Economical production of Pichia pastoris single cell protein from methanol at industrial pilot scale

Abstract

Abstract Background Methanol, synthesized from CO2, is a potentially sustainable one-carbon (C1) resource for biomanufacturing. The use of methanol as a feedstock to produce single cell protein (SCP) has been investigated for decades as an alternative to alleviate the high global demand for animal-derived proteins. The methylotrophic yeast Pichia pastoris is an ideal host for methanol-based SCP synthesis due to its natural methanol assimilation ability. However, improving methanol utilization, tolerance to higher temperature, and the protein content of P. pastoris are also current challenges, which are of great significance to the economical industrial application using methanol as a feedstock for SCP production.

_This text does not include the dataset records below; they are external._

lemma homogeneous_sequence_of_end_homogeneous:
  assumes "end_homogeneous H vs S" "u \<in> S" "distinct vs" "set vs \<inter> S = {}"
  shows "homogeneous_sequence H (\<lambda>i. (vs @ [u]) ! i) (length vs)"
proof
  have "distinct (vs @ [u])"
    using assms(2-4) by auto
  then show "inj_on (\<lambda>i. (vs @ [u]) ! i) {..length vs}"
    by (intro inj_on_nth) auto
next
  fix j l p assume jlp: "j < l" "l < p" "p \<le> length vs"
  then have l: "l < length vs"
    by simp
  have "(vs @ [u]) ! p \<in> S \<union> set (drop (Suc l) vs)"
  proof (cases "p = length vs")
    case True
    then show ?thesis
      using assms(2) by simp
  next
    case False
    then show ?thesis
      using jlp nth_in_set_drop[of "Suc l" p vs] by (simp add: nth_append)
  qed
  moreover have "u \<in> S \<union> set (drop (Suc l) vs)"
    using assms(2) by simp
  ultimately have "{vs ! j, vs ! l, (vs @ [u]) ! p} \<in> H \<longleftrightarrow> {vs ! j, vs ! l, u} \<in> H"
    by (rule end_homogeneousD[OF assms(1) jlp(1) l])
  moreover have "(vs @ [u]) ! j = vs ! j" "(vs @ [u]) ! l = vs ! l"
    using jlp(1) l by (simp_all add: nth_append)
  ultimately show "{(vs @ [u]) ! j, (vs @ [u]) ! l, (vs @ [u]) ! p} \<in> H \<longleftrightarrow>
             {(vs @ [u]) ! j, (vs @ [u]) ! l, (vs @ [u]) ! length vs} \<in> H"
    by (simp only: nth_append_length)
qed
lemma Q3_to_P3_in_P3:
  assumes "xs \<in> Q3 m n"
  shows "Q3_to_P3 m xs \<in> P3 m n"
proof -
  obtain A j B where "xs = A @ j # B" "Q3_shape m n A j B"
    using Q3_shape_of_Q3[OF assms] .
  then show ?thesis
    using Q3_to_P3_shape P3_shape_in_P3[OF Q3_shape_to_P3_shape] by simp
qed

lemma P3_to_Q3_in_Q3:
  assumes "ys \<in> P3 m n"
  shows "P3_to_Q3 m ys \<in> Q3 m n"
proof -
  obtain c C j D where "ys = c # C @ D" "P3_shape m n c C j D"
    using P3_shape_of_P3[OF assms] .
  then show ?thesis
    using P3_to_Q3_shape Q3_shape_in_Q3[OF P3_shape_to_Q3_shape] by simp
qed

lemma P3_to_Q3_Q3_to_P3:
  assumes "xs \<in> Q3 m n"
  shows "P3_to_Q3 m (Q3_to_P3 m xs) = xs"
proof -
  obtain A j B where xs: "xs = A @ j # B" and shape: "Q3_shape m n A j B"
    using Q3_shape_of_Q3[OF assms] .
  let ?D = "remove_first_column B"
  have "is_partition B"
    using shape by (auto simp: Q3_shape_def is_partition_def sorted_wrt_append)
  have "P3_shape m n (j + length B) A (j + 1) ?D" by (rule Q3_shape_to_P3_shape[OF shape])
  then have "length ?D + (j + 1) \<le> j + length B" by (simp add: P3_shape_def)
  then have "j + length B - (j + 1) - length ?D + 1 = length B - length ?D" by arith
  then show ?thesis
    using Q3_to_P3_shape[OF shape] P3_to_Q3_shape[OF \<open>P3_shape _ _ _ _ _ _\<close>]
      add_column_remove_first_column[OF \<open>is_partition B\<close>] xs
    by simp
qed

lemma Q3_to_P3_P3_to_Q3:
  assumes "ys \<in> P3 m n"
  shows "Q3_to_P3 m (P3_to_Q3 m ys) = ys"
proof -
  obtain c C j D where ys: "ys = c # C @ D" and shape: "P3_shape m n c C j D"
    using P3_shape_of_P3[OF assms] .
  have "\<forall>d\<in>set D. 0 < d" "length D + j \<le> c" "2 \<le> j"
    using shape by (auto simp: P3_shape_def is_partition_def)
  then show ?thesis
    using ys P3_to_Q3_shape[OF shape] Q3_to_P3_shape[OF P3_shape_to_Q3_shape[OF shape]] by simp
qed

theorem lemma4p3:
  fixes m n :: nat
  assumes "1 \<le> n"
  shows "\<exists>f. bij_betw f (Q3 m n) (P3 m n)"
proof
  show "bij_betw (Q3_to_P3 m) (Q3 m n) (P3 m n)"
    by (rule bij_betw_byWitness[where f' = "P3_to_Q3 m"])
      (auto simp: P3_to_Q3_Q3_to_P3 Q3_to_P3_P3_to_Q3 Q3_to_P3_in_P3 P3_to_Q3_in_Q3)
qed

end
lemma mul_JM_JM_H:
  assumes "x \<in> J" "y \<in> J"
  shows "mul (mul x y) H + mul (mul x y) H = - (mul (mul x H) y + mul x (mul y H))"
proof -
  have "sc (1/2) (mul (mul x y) H + mul (mul x y) H) = sc (1/2) (- (mul (mul x H) y + mul x (mul y H)))"
    using mul_JM_JM_mul_Lsub[OF assms E_in_Lsub F_in_Lsub]
    by (simp add: mul_E_F mul_scale_left mul_scale_right scale_right_distrib
        scale_right_diff_distrib)
  then show ?thesis using two_neq_zero by simp
qed

lemma std_pair_mul_comm:
  assumes nondeg: "\<And>m. m \<noteq> 0 \<Longrightarrow> \<exists>a\<in>L. mul m a \<noteq> 0"
    and i: "std_pair mul E H F ui vi" and j: "std_pair mul E H F uj vj"
    and J: "ui \<in> J" "vi \<in> J" "uj \<in> J" "vj \<in> J"
  shows "mul ui vj = mul vi uj"
proof -
  note rel = i[unfolded std_pair_def] j[unfolded std_pair_def]
  have "mul (mul ui vj - mul vi uj) E = 0"
    using double_cancel[of "mul (mul ui vj) E" "mul (mul vi uj) E"]
      mul_JM_JM_E[of ui vj] mul_JM_JM_E[of vi uj] rel J by (simp add: mul_diff_left)
  moreover have "mul (mul ui vj - mul vi uj) H = 0"
    using double_cancel[of "mul (mul ui vj) H" "mul (mul vi uj) H"]
      mul_JM_JM_H[of ui vj] mul_JM_JM_H[of vi uj] rel J by (simp add: mul_diff_left)
  moreover have "mul (mul ui vj - mul vi uj) F = 0"
    using double_cancel[of "mul (mul ui vj) F" "mul (mul vi uj) F"]
      mul_JM_JM_F[of ui vj] mul_JM_JM_F[of vi uj] rel J by (simp add: mul_diff_left)
  ultimately have "mul ui vj - mul vi uj = 0"
    using eq_0_if_annihilated_by_sl2[OF nondeg] by blast
  then show ?thesis by simp
qed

Results In the present work, adaptive laboratory evolution (ALE) has been employed to overcome the low methanol utilization efficiency and intolerance to a higher temperature of 33 °C in P. pastoris, associated with reduced carbon loss due to the lessened detoxification of intracellular formaldehyde through the dissimilation pathway and cell wall rearrangement to temperature stress resistance following long-term evolution as revealed by transcriptomic and phenotypic analysis. By strengthening nitrogen metabolism and impairing cell wall synthesis, metabolic engineering further increased protein content. Finally, the engineered strain via multi-strategy produced high levels of SCP from methanol in a pilot-scale fed-batch culture at 33 °C with a biomass of 63.37 g DCW/L, methanol conversion rate of 0.43 g DCW/g, and protein content of 0.506 g/g DCW. SCP obtained from P. pastoris contains a higher percentage of protein compared to conventional foods like soy, fish, meat, whole milk, and is a source of essential amino acids, including methionine, lysine, and branched-chain amino acids (BCAAs: valine, isoleucine, leucine). Conclusions This study clarified the unique mechanism of P. pastoris for efficient methanol utilization, higher temperature resistance, and high protein synthesis, providing a P. pastoris cell factory for SCP production with environmental, economic, and nutritional benefits.